One important component for tackling the opioid epidemic is addressing the stigmas around opioid use disorder, Reeser said.
 
That is why opiAID’s mission is to work with neighbors and partners, two terms they have chosen that identify those with addiction problems – called “neighbors” – and individuals and organizations seeking to help, which are called “partners.”
 
“Everyone has a physiological capacity to become addicted to an opiate drug.

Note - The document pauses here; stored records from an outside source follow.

text \<open>Hahn--Banach via Zorn's lemma: a maximal norm-dominated subspace containing
  \<open>(y, \<parallel>y\<parallel>)\<close> is the graph of a functional defined everywhere.\<close>
lemma exists_norming_functional:
  fixes y :: "'a::real_normed_vector"
  obtains v :: "'a \<Rightarrow>\<^sub>L real" where "norm v \<le> 1" and "v y = norm y"
proof -
  define \<A> where "\<A> = {G. norm_dominated G \<and> (y, norm y) \<in> G}"
  have "\<forall>(x, a)\<in>span {(y, norm y)}. a \<le> norm x"
    unfolding span_singleton by (auto intro: mult_right_mono)
  then have "span {(y, norm y)} \<in> \<A>"
    by (auto simp: \<A>_def norm_dominated_def intro: span_base)
  then have "\<A> \<noteq> {}" by blast
  moreover have "\<Union>C \<in> \<A>" if C: "C \<noteq> {}" "subset.chain \<A> C" for C
  proof -
    have "subset.chain {G. norm_dominated G} C" "(y, norm y) \<in> \<Union>C"
      using C unfolding subset.chain_def \<A>_def by blast+
    then show ?thesis
      using norm_dominated_Union_chain[OF C(1)] unfolding \<A>_def by blast
  qed
  ultimately obtain G where G: "norm_dominated G" "(y, norm y) \<in> G"
    and maximal: "\<And>H. H \<in> \<A> \<Longrightarrow> G \<subseteq> H \<Longrightarrow> H = G"
    using subset_Zorn_nonempty[of \<A>] unfolding \<A>_def by blast
  have total: "\<exists>a. (x, a) \<in> G" for x
  proof (rule ccontr)
    assume "\<nexists>a. (x, a) \<in> G"
    then have "x \<notin> fst ` G" by force
    then obtain H where "norm_dominated H" "G \<subset> H"
      using norm_dominated_extend G(1) by blast
    with G(2) maximal[of H] show False
      unfolding \<A>_def by blast
  qed
  obtain v :: "'a \<Rightarrow>\<^sub>L real" where "norm v \<le> 1" "\<And>x a. (x, a) \<in> G \<Longrightarrow> v x = a"
    using norm_dominated_total_functional[OF G(1) total] by blast
  with G(2) show ?thesis
    by (intro that) auto
qed

section \<open>Empirical measures and the Wasserstein distance\<close>

lemma integrable_uniform_count_measure:
  fixes f :: "'b \<Rightarrow> 'a::{banach,second_countable_topology}"
  assumes "finite A" "A \<noteq> {}"
  shows "integrable (uniform_count_measure A) f"
proof -
  have "0 < card A" using assms by (simp add: card_gt_0_iff)
  then have "ennreal (1 / card A) = ennreal 1 / ennreal (card A)"
    by (intro divide_ennreal[symmetric]) auto
  then have "(\<lambda>_. 1 / of_nat (card A) :: ennreal) = (\<lambda>_. ennreal (1 / card A))"
    by (simp add: ennreal_of_nat_eq_real_of_nat)
  then show ?thesis
    using assms(1) by (simp add: uniform_count_measure_def integrable_point_measure_finite)
qed

lemma distr_empirical:
  assumes "f \<in> borel_measurable borel"
  shows "distr (empirical n x) borel f = empirical n (f \<circ> x)"
  unfolding empirical_def using assms by (simp add: distr_distr)

lemma integrable_empirical:
  fixes x :: "nat \<Rightarrow> 'a::{banach,second_countable_topology}"
  assumes "0 < n"
  shows "integrable (empirical n x) (\<lambda>t. t)"
  unfolding empirical_def using assms
  by (simp add: integrable_distr_eq integrable_uniform_count_measure lessThan_empty_iff)

lemma integral_empirical:
  fixes x :: "nat \<Rightarrow> real"
  shows "(\<integral>t. t \<partial>empirical n x) = (\<Sum>i<n. x i) / n"
  unfolding empirical_def by (simp add: integral_distr integral_uniform_count_measure)

lemma W1_ge_abs_mean_diff:
  assumes P: "integrable P (\<lambda>t. t)" and Q: "integrable Q (\<lambda>t. t)"
  shows "ennreal \<bar>(\<integral>t. t \<partial>P) - (\<integral>t. t \<partial>Q)\<bar> \<le> W1 P Q"
  unfolding W1_def
proof (rule INF_greatest)
  fix \<pi> :: "(real \<times> real) measure"
  assume "\<pi> \<in> {\<pi>. prob_space \<pi> \<and> sets \<pi> = sets borel \<and>
    distr \<pi> borel fst = P \<and> distr \<pi> borel snd = Q}"
  then have \<pi>_sets: "sets \<pi> = sets borel"
    and \<pi>_fst: "distr \<pi> borel fst = P" and \<pi>_snd: "distr \<pi> borel snd = Q"
    by auto
  have meas: "fst \<in> borel_measurable \<pi>" "snd \<in> borel_measurable \<pi>"
    unfolding measurable_cong_sets[OF \<pi>_sets refl] by (simp_all add: borel_prod[symmetric])
  have "integrable (distr \<pi> borel fst) (\<lambda>t. t) = integrable \<pi> (\<lambda>z. fst z)"
    "integrable (distr \<pi> borel snd) (\<lambda>t. t) = integrable \<pi> (\<lambda>z. snd z)"
    by (rule integrable_distr_eq[OF meas(1) measurable_ident_sets[OF refl]],
        rule integrable_distr_eq[OF meas(2) measurable_ident_sets[OF refl]])
  then have int: "integrable \<pi> fst" "integrable \<pi> snd"
    using P Q \<pi>_fst \<pi>_snd by simp_all
  have "(\<integral>t. t \<partial>distr \<pi> borel fst) = (\<integral>z. fst z \<partial>\<pi>)"
    "(\<integral>t. t \<partial>distr \<pi> borel snd) = (\<integral>z. snd z \<partial>\<pi>)"
    by (rule integral_distr[OF meas(1) measurable_ident_sets[OF refl]],
        rule integral_distr[OF meas(2) measurable_ident_sets[OF refl]])
  then have means: "(\<integral>z. fst z \<partial>\<pi>) = (\<integral>t. t \<partial>P)" "(\<integral>z. snd z \<partial>\<pi>) = (\<integral>t. t \<partial>Q)"
    using \<pi>_fst \<pi>_snd by simp_all
  have "\<bar>(\<integral>t. t \<partial>P) - (\<integral>t. t \<partial>Q)\<bar> = \<bar>\<integral>z. fst z - snd z \<partial>\<pi>\<bar>"
    using int by (simp add: means[symmetric])
  also have "\<dots> \<le> (\<integral>z. \<bar>fst z - snd z\<bar> \<partial>\<pi>)"
    by (rule integral_abs_bound)
  finally have "ennreal \<bar>(\<integral>t. t \<partial>P) - (\<integral>t. t \<partial>Q)\<bar> \<le> ennreal (\<integral>z. \<bar>fst z - snd z\<bar> \<partial>\<pi>)"
    by (rule ennreal_leI)
  also have "\<dots> = (\<integral>\<^sup>+ z. ennreal \<bar>fst z - snd z\<bar> \<partial>\<pi>)"
    using int by (intro nn_integral_eq_integral[symmetric]) auto
  finally show "ennreal \<bar>(\<integral>t. t \<partial>P) - (\<integral>t. t \<partial>Q)\<bar> \<le> (\<integral>\<^sup>+ z. ennreal \<bar>fst z - snd z\<bar> \<partial>\<pi>)" .
qed

section \<open>Finite products\<close>

lemma borel_measurable_norm_sum_PiM:
  fixes \<mu> :: "'a::{banach,second_countable_topology} measure"
  assumes "S \<subseteq> I" and "sets \<mu> = sets borel"
  shows "(\<lambda>x. ennreal (norm (\<Sum>i\<in>S. x i))) \<in> borel_measurable (PiM I (\<lambda>_. \<mu>))"
proof -
  have "(\<lambda>x. \<Sum>i\<in>S. x i) \<in> borel_measurable (PiM I (\<lambda>_. (borel :: 'a measure)))"
    using assms(1) by (intro borel_measurable_sum) (auto intro!: measurable_component_singleton)
  then have "(\<lambda>x. ennreal (norm (\<Sum>i\<in>S. x i))) \<in> borel_measurable (PiM I (\<lambda>_. (borel :: 'a measure)))"
    by measurable
  moreover have "sets (PiM I (\<lambda>_. \<mu>)) = sets (PiM I (\<lambda>_. (borel :: 'a measure)))"
    using assms(2) by (intro sets_PiM_cong) auto
  ultimately show ?thesis
    by (subst measurable_cong_sets) auto
qed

So, it’s not a moral failing; it's a physiologic response,” Reeser said. “We honor that by calling them our neighbors because they deserve love, respect and a solution that’s actually going to help them recover more effectively.”
 
The goal is to have the first commercial- grade version of opiAID available in July or August 2020, Reeser said.
 
“It’ll likely look like a software and a platform in addition to a wearable,” Reeser said. “The wearable won’t have some of the bells and whistles that the future wearable will, but it will have the capacity to learn and to be biometrically tuned to the individual so we can know what uniquely looks like a craving for one of other neighbors.”
 
The naloxone delivery feature for the wearable is a few years down the road because of studies and U.S. Food and Drug Administration approval that have to take place before it can be used.
 
opiAID’s founders plan on not monetizing the product in Wilmington, Reeser said, and when it expands to other areas, users should be able to get a wearable for free.
 
“The strategy that we’re taking is that no neighbor will ever directly pay for this,” Reeser said. “If they are coming from a clinician rehab program, the rehab will pay for the software.”
 
Insurance should also be able to cover the costs, he said.
 
“The overarching goal of what we’re trying to accomplish is very simple. The means to get there, maybe a little bit more complicated,” Reeser said. “Ultimately, we just want to save some neighbors, and we believe the approach to do that is to use lots of data to help us create custom treatment plans and to get real-time insight on how someone’s recovering by using wearables.”